Adherence with Applicable Securities Laws
2.2 The Consultant acknowledge that the certificates representing the Bonus Shares shall be subject to resale restrictions imposed by Rule 144 as promulgated under the Securities Act of 1933 (United States) and shall bear the following legend:
THE SECURITIES REPRESENTED BY THIS CERTIFICATE HAVE
NOT BEEN REGISTERED UNDER THE U.S. SECURITIES ACT OF 1933, AS AMENDED
(THE “U.S. SECURITIES ACT”) OR OTHER APPLICABLE SECURITIES LAWS.
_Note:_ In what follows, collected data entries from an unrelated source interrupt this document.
definition seq_preceq :: "(nat \<Rightarrow> real) \<Rightarrow> (nat \<Rightarrow> real) \<Rightarrow> bool" where
  "seq_preceq M N \<longleftrightarrow> bdd_above ((\<lambda>k. root k (M k / N k)) ` {1..})"

definition fam_preceq :: "(real \<Rightarrow> nat \<Rightarrow> real) \<Rightarrow> (real \<Rightarrow> nat \<Rightarrow> real) \<Rightarrow> bool" where
  "fam_preceq F G \<longleftrightarrow> (\<forall>\<alpha>>0. \<exists>\<beta>>0. seq_preceq (F \<alpha>) (G \<beta>))"

definition omegaM :: "(nat \<Rightarrow> real) \<Rightarrow> real \<Rightarrow> real" where
  "omegaM M t = (if t \<le> 0 then 0 else (SUP k::nat. ln (t ^ k * M 0 / M k)))"

definition omega_tilde :: "(nat \<Rightarrow> real) \<Rightarrow> real \<Rightarrow> real" where
  "omega_tilde M t = omegaM M t + ln (1 + t\<^sup>2)"

definition lc_minorant :: "(nat \<Rightarrow> real) \<Rightarrow> nat \<Rightarrow> real" where
  "lc_minorant P k = P 0 * (SUP t\<in>{0::real..}. t ^ k * exp (- omegaM P t))"

definition kappa :: "(real \<Rightarrow> real) \<Rightarrow> real \<Rightarrow> real" where
  "kappa \<omega> t = integral {1..} (\<lambda>s. \<omega> (t * s) / s\<^sup>2)"

text \<open>Normalized (vanishing on [0,1]) equivalent version of kappa: kappa is increasing,
  so subtracting the constant kappa 1 and cutting off at 1 gives an equivalent function.\<close>
definition kappa_norm :: "(real \<Rightarrow> real) \<Rightarrow> real \<Rightarrow> real" where
  "kappa_norm \<omega> t = (if t \<le> 1 then 0 else kappa \<omega> t - kappa \<omega> 1)"

definition phi_star :: "(real \<Rightarrow> real) \<Rightarrow> real \<Rightarrow> real" where
  "phi_star \<omega> x = (SUP y\<in>{0::real..}. x * y - \<omega> (exp y))"

definition K_seq :: "(nat \<Rightarrow> real) \<Rightarrow> nat \<Rightarrow> real" where
  "K_seq M j = exp (phi_star (kappa_norm (omega_tilde M)) (real j))"

definition L_seq :: "(nat \<Rightarrow> real) \<Rightarrow> nat \<Rightarrow> real" where
  "L_seq M k = (if k = 0 then 1 else
     Min ((\<lambda>j. (real k / (\<Sum>l. 1 / quot M (l + k))) ^ (k - j) * M j) ` {..<k}))"

definition tau :: "(nat \<Rightarrow> real) \<Rightarrow> nat \<Rightarrow> real" where
  "tau M k = real k / quot M k + (\<Sum>l. 1 / quot M (l + k))"

definition sigma :: "(nat \<Rightarrow> real) \<Rightarrow> nat \<Rightarrow> real" where
  "sigma M k = (if k = 0 then 1 else tau M 1 * real k / tau M k)"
THESE SECURITIES HAVE BEEN ACQUIRED FOR INVESTMENT AND NOT WITH A VIEW
TO DISTRIBUTION OR RESALE AND MAY NOT BE OFFERED, SOLD, PLEDGED OR OTHERWISE
TRANSFERRED EXCEPT (1) IN ACCORDANCE WITH THE PROVISIONS OF REGULATIONS
S, RULE 901 THROUGH RULE 905, AND PRELIMINARY NOTES UNDER THE U.S. SECURITIES
ACT OR (2) PURSUANT TO AN AVAILABLE EXEMPTION FROM THE REGISTRATION REQUIREMENTS
OF THE U.S. SECURITIES ACT OR (3) PURSUANT TO AN EFFECTIVE REGISTRATION
STATEMENT. HEDGING TRANSACTIONS INVOLVING THESE SECURITIES MAY NOT BE
CONDUCTED UNLESS IN COMPLIANCE WITH THE U.S. SECURITIES ACT. |
The Consultant further acknowledges that and trades of the Bonus Shares by the Consultant in British Columbia will be subject to restrictions imposed by the Securities Act (British Columbia) and that the Bonus Shares may not be traded in British Columbia unless the trade is made through a registered dealer and a prospectus is filed with the British Columbia Securities Commission in respect of the Bonus Shares (and a final receipt obtained for such prospectus) or an exemption from the registration and prospectus requirements may be relied upon.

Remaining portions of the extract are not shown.